Dataset entries
━━━━

lemma ll_stream_cong_prefix:
  assumes "\<And>j. j \<le> i \<Longrightarrow> toks j = toks' j"
  shows "ll_stream H d M toks l i = ll_stream H d M toks' l i"
  using assms
proof (induction l arbitrary: i)
  case (Suc l)
  have prev: "ll_stream H d M toks l j = ll_stream H d M toks' l j" if "j \<le> i" for j
    using Suc that by simp
  have "ll_head d lam F Q (\<lambda>j. ll_stream H d M toks l j h) i
      = ll_head d lam F Q (\<lambda>j. ll_stream H d M toks' l j h) i" for lam F Q h
  proof -
    have "ll_state d F (\<lambda>j. ll_stream H d M toks l j h) i
        = ll_state d F (\<lambda>j. ll_stream H d M toks' l j h) i"
      by (rule ll_state_cong_prefix) (simp add: prev)
    then show ?thesis unfolding ll_head_def by (simp add: prev)
  qed
  then show ?case by (simp add: Let_def prev cong: if_cong)
qed simp

lemma ll_state_cong_suffix:
  assumes "\<And>j. j > n \<Longrightarrow> xs j = ys j"
    and "\<And>r. r < K \<Longrightarrow> ll_state d F xs n r = ll_state d F ys n r"
    and "r < K + k"
  shows "ll_state d F xs (n + k) r = ll_state d F ys (n + k) r"
  using assms(3)
proof (induction k arbitrary: r)
  case 0
  then show ?case using assms(2) by simp
next
  case (Suc k)
  then have "(\<lambda>r'. if r' < r then ll_state d F xs (n + k) r' else (\<lambda>a b. 0))
      = (\<lambda>r'. if r' < r then ll_state d F ys (n + k) r' else (\<lambda>a b. 0))"
    by auto
  moreover have "xs (Suc (n + k)) = ys (Suc (n + k))"
    using assms(1) by simp
  ultimately show ?case by simp
qed

lemma ll_state_Suc_masked: "\<not> (a < d \<and> b < d) \<Longrightarrow> ll_state d F xs (Suc i) r a b = 0"
  by (auto simp add: mmask_def)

━━━━

WHAT IS EXPECTED: For every line above with the word "shows" in it, make a copy.

RESPONSE TO THIS EXERCISE:
  shows "ll_stream H d M toks l i = ll_stream H d M toks' l i"
  shows "ll_state d F xs (n + k) r = ll_state d F ys (n + k) r"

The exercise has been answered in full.